The Bible’s answer to teens’ romantic urges is simple: chastity until marriage, and then faithfulness in marriage. When I get a chance to speak to teens or college students on the topic of love and romance, I pose a set of choices to the young women. I don’t think this scenario originated with me, but I cannot recall the first person I ever heard explain it in this way: “How many of you would like this to be your future? You meet a man in college. He’s great – an awesome guy. You fall in love. You get married. And three years later he says that he has outgrown you. You get a divorce. You are miserable for a couple of years. You start a career. You meet a guy at work. He is outstanding – much better than that first jerk. You fall in love, you get married. You have a couple of children. And five years later he get a promotion, has an affair with his secretary (who is 23 years old), divorces you and marries her. You are crushed. A couple of years go by. You meet another man. He is a hero. You know this because our culture tells us that any man who would date a woman with kids is a hero. You are tentative, but eventually he wears you down, you fall in love, and you marry him. And it works out great… for ten years… and then….Okay, I think you get it. Now here is scenario number two: You meet a guy in college. You fall in love. You both graduate and he tells you that he loves you and wants to marry you. You tell him that you love him, you want to give yourself fully to him, but want to know what he means when he says it. He tells you that he has been waiting for a woman like you all of his life. He intends to vow before God that he will act in a loving way toward you every day of his life whether or not he happens to feels like it that day, because he is making a lifetime commitment to you. He means it. And then you get married. And he does it.” When I ask for a show of hands, every woman in the room votes for scenario two. Then I drop the bomb: “Which one of those two scenarios are you practicing for?”

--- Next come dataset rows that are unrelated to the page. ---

(* Let $\mathfrak D$ be an admissible domain with cover $\tilde{\mathfrak D}$, $T>0$, and let $\bm\varphi\in C^1([0,T];C^1(\mathbf{Cl}\tilde{\mathfrak D};\mathbb R^3))\cap C([0,T];C^2(\mathbf{Cl}\tilde{\mathfrak D};\mathbb R^3))$ satisfy $\bm\varphi(0,\bar{\bm x})=\bar{\bm x}$ for all $\bar{\bm x}\in\tilde{\mathfrak D}$. Let $\mathfrak O,\mathfrak O_0,\mathfrak O_1$ be connected open subsets of $\mathbb R^3$ with $\mathfrak B_0\subset\mathfrak O_0\Subset\mathfrak O\Subset\mathfrak O_1\Subset\tilde{\mathfrak D}$ and $\mathfrak O_1$ convex. Then for a sufficiently small $T_1\in\,]0,T[$ there is a mapping $\bm\psi(t,\cdot):\mathfrak O\to\mathfrak O_1$, $t\in[0,T_1]$, such that $\bm x=\bm\varphi(t,\bm\psi(t,\bm x))$ for all $(t,\bm x)\in[0,T_1]\times\mathfrak O$, and moreover $\mathfrak O_0\subset\bm\psi(t,\mathfrak O)$ for all $t\in[0,T_1]$.
   Context: $\mathfrak B_0=\{\bm x\in\mathbb R^3:\|\bm x\|\le R_0\}$ with $R_0>0$. An admissible domain is an open connected $\mathfrak D\subset\mathbb R^3$ such that $\tilde{\mathfrak D}=\mathfrak D\cup\mathfrak B_0$ (its cover) is open and connected, $\mathfrak D=\tilde{\mathfrak D}\setminus\mathfrak B_0$, and $\partial\mathfrak D$ is smooth. $A\Subset B$ means $\mathbf{Cl}A$ is a compact subset of $B$. *)

theory Defs
  imports "HOL-Analysis.Analysis"
begin

type_synonym R3 = "real^3"

definition B0 :: "real \<Rightarrow> R3 set" where
  "B0 R0 = cball 0 R0"

definition compactly_contained :: "R3 set \<Rightarrow> R3 set \<Rightarrow> bool" (infix "\<Subset>" 50) where
  "A \<Subset> B \<longleftrightarrow> compact (closure A) \<and> closure A \<subseteq> B"

fun iter_pd :: "3 list \<Rightarrow> (R3 \<Rightarrow> real) \<Rightarrow> R3 \<Rightarrow> real" where
  "iter_pd [] g = g"
| "iter_pd (i # is) g = (\<lambda>x. frechet_derivative (iter_pd is g) (at x) (axis i 1))"

definition smooth_on_R3 :: "R3 set \<Rightarrow> (R3 \<Rightarrow> real) \<Rightarrow> bool" where
  "smooth_on_R3 U g \<longleftrightarrow> (\<forall>is. (iter_pd is g) differentiable_on U)"

definition smooth_boundary :: "R3 set \<Rightarrow> bool" where
  "smooth_boundary D \<longleftrightarrow>
     (\<forall>p\<in>frontier D. \<exists>U g. open U \<and> p \<in> U \<and> smooth_on_R3 U g \<and>
        (\<forall>x\<in>U. frechet_derivative g (at x) \<noteq> (\<lambda>v. 0)) \<and>
        D \<inter> U = {x\<in>U. g x < 0})"

definition cover :: "real \<Rightarrow> R3 set \<Rightarrow> R3 set" where
  "cover R0 D = D \<union> B0 R0"

definition admissible :: "real \<Rightarrow> R3 set \<Rightarrow> bool" where
  "admissible R0 D \<longleftrightarrow> open D \<and> connected D \<and> open (cover R0 D) \<and> connected (cover R0 D)
     \<and> D = cover R0 D - B0 R0 \<and> smooth_boundary D"

definition D1 :: "(R3 \<Rightarrow> R3) \<Rightarrow> R3 \<Rightarrow> (R3 \<Rightarrow>\<^sub>L R3)" where
  "D1 f x = Blinfun (frechet_derivative f (at x))"

definition D2 :: "(R3 \<Rightarrow> R3) \<Rightarrow> R3 \<Rightarrow> (R3 \<Rightarrow>\<^sub>L (R3 \<Rightarrow>\<^sub>L R3))" where
  "D2 f x = Blinfun (frechet_derivative (D1 f) (at x))"

text \<open>C^1(Cl Omega) and C^2(Cl Omega) (Omega open): derivatives up to the given order exist in
  Omega and are bounded and uniformly continuous there (hence extend continuously to the closure).\<close>
definition C1cl :: "R3 set \<Rightarrow> (R3 \<Rightarrow> R3) set" where
  "C1cl \<Omega> = {f. (\<forall>x\<in>\<Omega>. f differentiable (at x)) \<and>
      bounded (f ` \<Omega>) \<and> uniformly_continuous_on \<Omega> f \<and>
      bounded (D1 f ` \<Omega>) \<and> uniformly_continuous_on \<Omega> (D1 f)}"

I am not arguing that every Christian guy has always lived up to that commitment. I am saying that every Christian guy ought to. It is what the Scriptures command of him – it’s his responsibility. What is more romantic than knowing that a man has pledged to love you, and, if necessary, to lay down his life for you in the same way that Jesus did for the Church? This is not some Titanic-style martyrdom (though that would be included, if required) but a daily sacrifice of self to the well-being of his family as an act love, of honoring God and His institutions. If you still wonder if the Bible supports passionate love, have a look at The Song of Solomon in the Old Testament. God likes love and romance – He invented it.

In fairness to Twilight devotees, I know that marriage is the goal in the books. And when the first Twilight film debuted, I lauded it for its chaste attitude toward the sexual relationship between Edward and Bella. But any fair assessment of the self-destructive behaviors in New Moon would agree that this is a dangerous and ill-advised turn. And there is a better, more fulfilling alternative available in the real world.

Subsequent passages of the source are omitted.